Task details: Collect every line of the records below that contains the word "else".

Saved entries:
(* Let $\tau\in(0,1]$ and suppose $k\,\alpha^{(2-\tau)d}\ge 2$. Let $u,v\in V$ be distinct with $|\Gamma(u)\cap\Gamma(v)|\ge\tau d$. Then, under the Fast-Filter model described in the context, the expected number of indices $i\in[k]$ with $u\in S_i$ and $v\in S_i$ is at least $2$.
   Context: Let $G=(U,V,E)$ be a bipartite graph with $|U|=M$ and $|V|=N$. For $v\in V$ let $\Gamma(v)\subseteq U$ be its set of neighbours, and assume $|\Gamma(v)|=d\ge 1$ for every $v\in V$. Let $k=2^{m}$ and $\alpha=2^{-r}$, where $m,r$ are positive integers. Identify $[k]=\{1,\dots,k\}$ bijectively with the vector space $\mathrm{GF}(2)^m$ (for instance via the binary representation of $i-1$). Fast-Filter model: for each $u\in U$, independently draw a uniformly random matrix $A'_u\in\mathrm{GF}(2)^{r\times m}$ and a uniformly random vector $b'_u\in\mathrm{GF}(2)^{r}$; all of these are mutually independent. For $v\in V$, let $A^v$ be the $(dr)\times m$ matrix obtained by stacking the matrices $A'_u$, $u\in\Gamma(v)$, in a fixed order, and let $b^v\in\mathrm{GF}(2)^{dr}$ be obtained by stacking the $b'_u$, $u\in\Gamma(v)$, in the same order. For $i\in[k]$ (viewed as a vector in $\mathrm{GF}(2)^m$), the survival set is $S_i=\{v\in V: A^v i+b^v=0\}$, with arithmetic over $\mathrm{GF}(2)$. *)

theory Defs
  imports "HOL-Probability.Probability" "HOL-Library.Z2"
begin

text \<open>An outcome of the Fast-Filter randomness is a pair (A, b) where A u is the r x m
  matrix A'_u (entry (j,l), j < r, l < m) and b u is the vector b'_u (entry j < r).
  Entries outside the relevant ranges (or for nodes outside U) are fixed to 0, so the
  uniform distribution on the resulting finite set is exactly the product of
  independent uniform choices of all A'_u, b'_u.\<close>

definition ff_space :: "'u set \<Rightarrow> nat \<Rightarrow> nat \<Rightarrow>
    (('u \<Rightarrow> nat \<Rightarrow> nat \<Rightarrow> bit) \<times> ('u \<Rightarrow> nat \<Rightarrow> bit)) set" where
  "ff_space U r m = {(A, b).
     (\<forall>u j l. (u \<notin> U \<or> r \<le> j \<or> m \<le> l) \<longrightarrow> A u j l = 0) \<and>
     (\<forall>u j. (u \<notin> U \<or> r \<le> j) \<longrightarrow> b u j = 0)}"

definition ff_pmf :: "'u set \<Rightarrow> nat \<Rightarrow> nat \<Rightarrow>
    (('u \<Rightarrow> nat \<Rightarrow> nat \<Rightarrow> bit) \<times> ('u \<Rightarrow> nat \<Rightarrow> bit)) pmf" where
  "ff_pmf U r m = pmf_of_set (ff_space U r m)"

text \<open>Index i in [k] = {1..2^m} viewed as a vector of GF(2)^m: binary representation
  of i - 1 (component l = bit l).\<close>
definition idx_vec :: "nat \<Rightarrow> nat \<Rightarrow> bit" where
  "idx_vec i l = (if odd ((i - 1) div 2 ^ l) then 1 else 0)"

text \<open>v survives filter i iff A^v i + b^v = 0, i.e. every block A'_w i + b'_w, w in Gamma v,
  vanishes.\<close>
definition survives ::
  "('v \<Rightarrow> 'u set) \<Rightarrow> nat \<Rightarrow> nat \<Rightarrow>
   (('u \<Rightarrow> nat \<Rightarrow> nat \<Rightarrow> bit) \<times> ('u \<Rightarrow> nat \<Rightarrow> bit)) \<Rightarrow> nat \<Rightarrow> 'v \<Rightarrow> bool" where
  "survives \<Gamma> r m \<omega> i v \<longleftrightarrow>
     (\<forall>w\<in>\<Gamma> v. \<forall>j<r. (\<Sum>l<m. fst \<omega> w j l * idx_vec i l) + snd \<omega> w j = 0)"

definition survival_set ::
  "'v set \<Rightarrow> ('v \<Rightarrow> 'u set) \<Rightarrow> nat \<Rightarrow> nat \<Rightarrow>
   (('u \<Rightarrow> nat \<Rightarrow> nat \<Rightarrow> bit) \<times> ('u \<Rightarrow> nat \<Rightarrow> bit)) \<Rightarrow> nat \<Rightarrow> 'v set" where
  "survival_set V \<Gamma> r m \<omega> i = {v \<in> V. survives \<Gamma> r m \<omega> i v}"

end

theory Submission
  imports Defs
begin

text \<open>Both u and v survive filter i exactly when A'_w i + b'_w = 0 for every w in
  \<Gamma> u \<union> \<Gamma> v. The offsets b'_w are uniform and independent of everything else, so this
  happens with probability 2^(-r |\<Gamma> u \<union> \<Gamma> v|) for each fixed i, and
  |\<Gamma> u \<union> \<Gamma> v| = 2d - |\<Gamma> u \<inter> \<Gamma> v| \<le> (2 - \<tau>) d. Summing over the k indices, the expected
  number of common surviving filters is at least k \<alpha>^((2 - \<tau>) d) \<ge> 2.
  Uniformity of the event is shown by counting: adding a fixed vector c to the offsets
  is a bijection of the sample space which shifts the residues A'_w x + b'_w by c, so all
  2^(r |W|) possible residue patterns on a set W of nodes are equally frequent.\<close>

lemma bit_add_add_self: "(a::bit) + c + c = a"
  by (cases a; cases c) simp_all

lemma bit_add_eq_right_iff: "(a::bit) + c = c \<longleftrightarrow> a = 0"
  by (cases a; cases c) simp_all

lemma restrict_eq_PiE_iff:
  "c \<in> A \<rightarrow>\<^sub>E B \<Longrightarrow> restrict f A = c \<longleftrightarrow> (\<forall>x\<in>A. f x = c x)"
  by (auto intro: PiE_ext)

lemma UNIV_bit: "(UNIV :: bit set) = {0, 1}"
  using bit.exhaust by auto

lemma finite_ff_space:
  assumes "finite U"
  shows "finite (ff_space U r m)"
proof -
  let ?D = "U \<times> {..<r} \<times> {..<m}" and ?D' = "U \<times> {..<r}"
  let ?restr = "\<lambda>(A, b). (restrict (\<lambda>(u, j, l). A u j l) ?D, restrict (\<lambda>(u, j). b u j) ?D')"
  have inj: "inj_on ?restr (ff_space U r m)"
  proof (rule inj_onI)
    fix \<omega> \<omega>'
    assume "\<omega> \<in> ff_space U r m" "\<omega>' \<in> ff_space U r m" and eq: "?restr \<omega> = ?restr \<omega>'"
    moreover obtain A b A' b' where \<omega>: "\<omega> = (A, b)" "\<omega>' = (A', b')"
      by fastforce
    ultimately have zero: "\<forall>u j l. (u \<notin> U \<or> r \<le> j \<or> m \<le> l) \<longrightarrow> A u j l = 0 \<and> A' u j l = 0"
        "\<forall>u j. (u \<notin> U \<or> r \<le> j) \<longrightarrow> b u j = 0 \<and> b' u j = 0"
      by (auto simp: ff_space_def)
    have "A u j l = A' u j l" for u j l
      using fun_cong[OF arg_cong[OF eq, of fst], of "(u, j, l)"] zero(1) \<omega>
      by (cases "u \<in> U \<and> j < r \<and> l < m") auto
    moreover have "b u j = b' u j" for u j
      using fun_cong[OF arg_cong[OF eq, of snd], of "(u, j)"] zero(2) \<omega>
      by (cases "u \<in> U \<and> j < r") auto
    ultimately show "\<omega> = \<omega>'"
      by (simp add: \<omega> fun_eq_iff)
  qed
  have "?restr ` ff_space U r m \<subseteq> (?D \<rightarrow>\<^sub>E UNIV) \<times> (?D' \<rightarrow>\<^sub>E UNIV)"
    by (simp add: image_subset_iff split: prod.split)
  moreover have "finite ((?D \<rightarrow>\<^sub>E (UNIV :: bit set)) \<times> (?D' \<rightarrow>\<^sub>E (UNIV :: bit set)))"
    using assms by (simp add: finite_PiE UNIV_bit)
  ultimately have "finite (?restr ` ff_space U r m)"
    by (rule finite_subset)
  then show ?thesis
    using inj by (rule finite_imageD)
qed

lemma ff_space_nonempty: "ff_space U r m \<noteq> {}"
  by (auto simp: ff_space_def)

definition ff_residue :: "nat \<Rightarrow> (nat \<Rightarrow> bit) \<Rightarrow>
    ('u \<Rightarrow> nat \<Rightarrow> nat \<Rightarrow> bit) \<times> ('u \<Rightarrow> nat \<Rightarrow> bit) \<Rightarrow> 'u \<times> nat \<Rightarrow> bit" where
  "ff_residue m x \<omega> = (\<lambda>(w, j). (\<Sum>l<m. fst \<omega> w j l * x l) + snd \<omega> w j)"

definition shift_offsets :: "('u \<times> nat) set \<Rightarrow> ('u \<times> nat \<Rightarrow> bit) \<Rightarrow>
    ('u \<Rightarrow> nat \<Rightarrow> nat \<Rightarrow> bit) \<times> ('u \<Rightarrow> nat \<Rightarrow> bit) \<Rightarrow>
    ('u \<Rightarrow> nat \<Rightarrow> nat \<Rightarrow> bit) \<times> ('u \<Rightarrow> nat \<Rightarrow> bit)" where
  "shift_offsets C c \<omega> =
     (fst \<omega>, \<lambda>w j. if (w, j) \<in> C then snd \<omega> w j + c (w, j) else snd \<omega> w j)"

lemma survives_iff_residues:
  "survives \<Gamma> r m \<omega> i v \<longleftrightarrow> (\<forall>p \<in> \<Gamma> v \<times> {..<r}. ff_residue m (idx_vec i) \<omega> p = 0)"
  by (auto simp: survives_def ff_residue_def)

text \<open>The default simp set turns bit addition into boolean xor, which derails the
  algebraic reasoning below; hence add_bit_eq_xor is removed locally.\<close>
lemma ff_residue_shift_offsets:
  "p \<in> C \<Longrightarrow> ff_residue m x (shift_offsets C c \<omega>) p = ff_residue m x \<omega> p + c p"
  by (cases p) (simp add: ff_residue_def shift_offsets_def add.assoc del: add_bit_eq_xor)

lemma shift_offsets_shift_offsets: "shift_offsets C c (shift_offsets C c \<omega>) = \<omega>"
  by (cases \<omega>) (auto simp: shift_offsets_def bit_add_add_self intro!: ext)

lemma shift_offsets_in_ff_space:
  "C \<subseteq> U \<times> {..<r} \<Longrightarrow> \<omega> \<in> ff_space U r m \<Longrightarrow> shift_offsets C c \<omega> \<in> ff_space U r m"
  by (fastforce simp: ff_space_def shift_offsets_def)

lemma card_residue_fibre:
  assumes C: "C \<subseteq> U \<times> {..<r}" and c: "c \<in> C \<rightarrow>\<^sub>E UNIV"
  shows "card {\<omega> \<in> ff_space U r m. restrict (ff_residue m x \<omega>) C = c}
       = card {\<omega> \<in> ff_space U r m. \<forall>p\<in>C. ff_residue m x \<omega> p = 0}"
proof -
  have shifted_fibre: "restrict (ff_residue m x (shift_offsets C c \<omega>)) C = c
      \<longleftrightarrow> (\<forall>p\<in>C. ff_residue m x \<omega> p = 0)" for \<omega>
    using c by (simp add: restrict_eq_PiE_iff ff_residue_shift_offsets bit_add_eq_right_iff
        del: add_bit_eq_xor)
  have "bij_betw (shift_offsets C c)
      {\<omega> \<in> ff_space U r m. \<forall>p\<in>C. ff_residue m x \<omega> p = 0}
      {\<omega> \<in> ff_space U r m. restrict (ff_residue m x \<omega>) C = c}"
  proof (rule bij_betw_byWitness[where f' = "shift_offsets C c"])
    show "shift_offsets C c ` {\<omega> \<in> ff_space U r m. restrict (ff_residue m x \<omega>) C = c}
        \<subseteq> {\<omega> \<in> ff_space U r m. \<forall>p\<in>C. ff_residue m x \<omega> p = 0}"
      using shifted_fibre[of "shift_offsets C c _"]
      by (auto simp: shift_offsets_shift_offsets shift_offsets_in_ff_space[OF C])
  qed (auto simp: shifted_fibre shift_offsets_shift_offsets shift_offsets_in_ff_space[OF C])
  then show ?thesis
    by (simp add: bij_betw_same_card)
qed

lemma card_residues_vanish:
  assumes U: "finite U" and C: "C \<subseteq> U \<times> {..<r}"
  shows "card {\<omega> \<in> ff_space U r m. \<forall>p\<in>C. ff_residue m x \<omega> p = 0} * 2 ^ card C
       = card (ff_space U r m)"
proof -
  let ?S = "ff_space U r m" and ?P = "C \<rightarrow>\<^sub>E (UNIV :: bit set)"
  let ?fibre = "\<lambda>c. {\<omega> \<in> ?S. restrict (ff_residue m x \<omega>) C = c}"
  have "finite C"
    using U C finite_subset by fastforce
  then have P: "finite ?P" "card ?P = 2 ^ card C"
    by (simp_all add: finite_PiE card_PiE UNIV_bit numeral_2_eq_2)
  have "card ?S = card (\<Union>c\<in>?P. ?fibre c)"
    by (rule arg_cong[where f = card]) auto
  also have "\<dots> = (\<Sum>c\<in>?P. card (?fibre c))"
    using P(1) finite_ff_space[OF U] by (intro card_UN_disjoint) auto
  also have "\<dots> = card {\<omega> \<in> ?S. \<forall>p\<in>C. ff_residue m x \<omega> p = 0} * 2 ^ card C"
    by (simp add: card_residue_fibre[OF C] P(2))
  finally show ?thesis ..
qed

lemma prob_residues_vanish:
  assumes "finite U" and "C \<subseteq> U \<times> {..<r}"
  shows "measure_pmf.prob (ff_pmf U r m) {\<omega>. \<forall>p\<in>C. ff_residue m x \<omega> p = 0} = 1 / 2 ^ card C"
proof -
  let ?S = "ff_space U r m" and ?N = "card {\<omega> \<in> ff_space U r m. \<forall>p\<in>C. ff_residue m x \<omega> p = 0}"
  have S: "real (card ?S) = real ?N * 2 ^ card C"
    using arg_cong[OF card_residues_vanish[OF assms, of m x], of real] by simp
  have "card ?S > 0"
    using finite_ff_space[OF assms(1)] ff_space_nonempty by (simp add: card_gt_0_iff)
  then have "?N > 0"
    using card_residues_vanish[OF assms, of m x] by (intro gr0I) simp
  have "measure_pmf.prob (ff_pmf U r m) {\<omega>. \<forall>p\<in>C. ff_residue m x \<omega> p = 0} = ?N / card ?S"
    by (simp add: ff_pmf_def measure_pmf_of_set finite_ff_space[OF assms(1)] ff_space_nonempty
        Int_def)
  also have "\<dots> = 1 / 2 ^ card C"
    using \<open>?N > 0\<close> by (simp add: S)
  finally show ?thesis .
qed

lemma expectation_card_filter:
  fixes p :: "'a pmf"
  assumes "finite I"
  shows "measure_pmf.expectation p (\<lambda>\<omega>. real (card {i \<in> I. P i \<omega>}))
       = (\<Sum>i\<in>I. measure_pmf.prob p {\<omega>. P i \<omega>})"
proof -
  have "real (card {i \<in> I. P i \<omega>}) = (\<Sum>i\<in>I. indicator {\<omega>. P i \<omega>} \<omega>)" for \<omega>
    using assms by (simp add: indicator_def sum.inter_filter[symmetric] Int_def)
  then show ?thesis
    by (simp add: Bochner_Integration.integral_sum less_top[symmetric])
qed

lemma card_Un_le_of_card_Int_ge:
  assumes "finite A" "finite B" "card A = d" "card B = d" "\<tau> * real d \<le> real (card (A \<inter> B))"
  shows "real (card (A \<union> B)) \<le> (2 - \<tau>) * real d"
proof -
  have "real (card (A \<union> B)) = real (card A) + real (card B) - real (card (A \<inter> B))"
    using card_Un_Int[OF assms(1,2)] by simp
  then show ?thesis
    using assms(3-5) by (simp add: algebra_simps)
qed

theorem lemma1:
  fixes U :: "'u set" and V :: "'v set" and \<Gamma> :: "'v \<Rightarrow> 'u set"
    and d m r k :: nat and \<alpha> \<tau> :: real and u v :: 'v
  assumes "finite U"
    and "\<forall>x\<in>V. \<Gamma> x \<subseteq> U \<and> card (\<Gamma> x) = d"
    and "d \<ge> 1"
    and "m > 0" and "r > 0"
    and "k = 2 ^ m" and "\<alpha> = 1 / 2 ^ r"
    and "0 < \<tau>" and "\<tau> \<le> 1"
    and "real k * \<alpha> powr ((2 - \<tau>) * real d) \<ge> 2"
    and "u \<in> V" and "v \<in> V" and "u \<noteq> v"
    and "real (card (\<Gamma> u \<inter> \<Gamma> v)) \<ge> \<tau> * real d"
  shows "measure_pmf.expectation (ff_pmf U r m)
           (\<lambda>\<omega>. real (card {i \<in> {1..k}. u \<in> survival_set V \<Gamma> r m \<omega> i
                                        \<and> v \<in> survival_set V \<Gamma> r m \<omega> i})) \<ge> 2"
proof -
  let ?W = "\<Gamma> u \<union> \<Gamma> v"
  have W: "?W \<times> {..<r} \<subseteq> U \<times> {..<r}" "finite (\<Gamma> u)" "finite (\<Gamma> v)"
    using assms(1,2,11,12) by (auto intro: finite_subset)
  have card_W: "real (card ?W) \<le> (2 - \<tau>) * real d"
    using assms(2,11,12,14) by (intro card_Un_le_of_card_Int_ge W(2,3)) auto
  have both_survive: "u \<in> survival_set V \<Gamma> r m \<omega> i \<and> v \<in> survival_set V \<Gamma> r m \<omega> i
      \<longleftrightarrow> (\<forall>p\<in>?W \<times> {..<r}. ff_residue m (idx_vec i) \<omega> p = 0)" for \<omega> i
    using assms(11,12) by (auto simp: survival_set_def survives_iff_residues)
  have "measure_pmf.expectation (ff_pmf U r m)
           (\<lambda>\<omega>. real (card {i \<in> {1..k}. u \<in> survival_set V \<Gamma> r m \<omega> i
                                        \<and> v \<in> survival_set V \<Gamma> r m \<omega> i}))
      = (\<Sum>i\<in>{1..k}. measure_pmf.prob (ff_pmf U r m)
           {\<omega>. \<forall>p\<in>?W \<times> {..<r}. ff_residue m (idx_vec i) \<omega> p = 0})"
    unfolding both_survive by (rule expectation_card_filter) simp
  also have "\<dots> = real k * (1 / 2 ^ r) ^ card ?W"
    by (simp only: prob_residues_vanish[OF assms(1) W(1)])
      (simp add: card_cartesian_product power_mult[symmetric] power_one_over mult.commute)
  also have "\<dots> = real k * \<alpha> powr real (card ?W)"
    using assms(7) by (simp add: powr_realpow)
  also have "\<dots> \<ge> real k * \<alpha> powr ((2 - \<tau>) * real d)"
    using assms(7) card_W by (intro mult_left_mono powr_mono') simp_all
  finally show ?thesis
    using assms(10) by linarith
qed

end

Solution below:
  "idx_vec i l = (if odd ((i - 1) div 2 ^ l) then 1 else 0)"
  \<Gamma> u \<union> \<Gamma> v. The offsets b'_w are uniform and independent of everything else, so this
     (fst \<omega>, \<lambda>w j. if (w, j) \<in> C then snd \<omega> w j + c (w, j) else snd \<omega> w j)"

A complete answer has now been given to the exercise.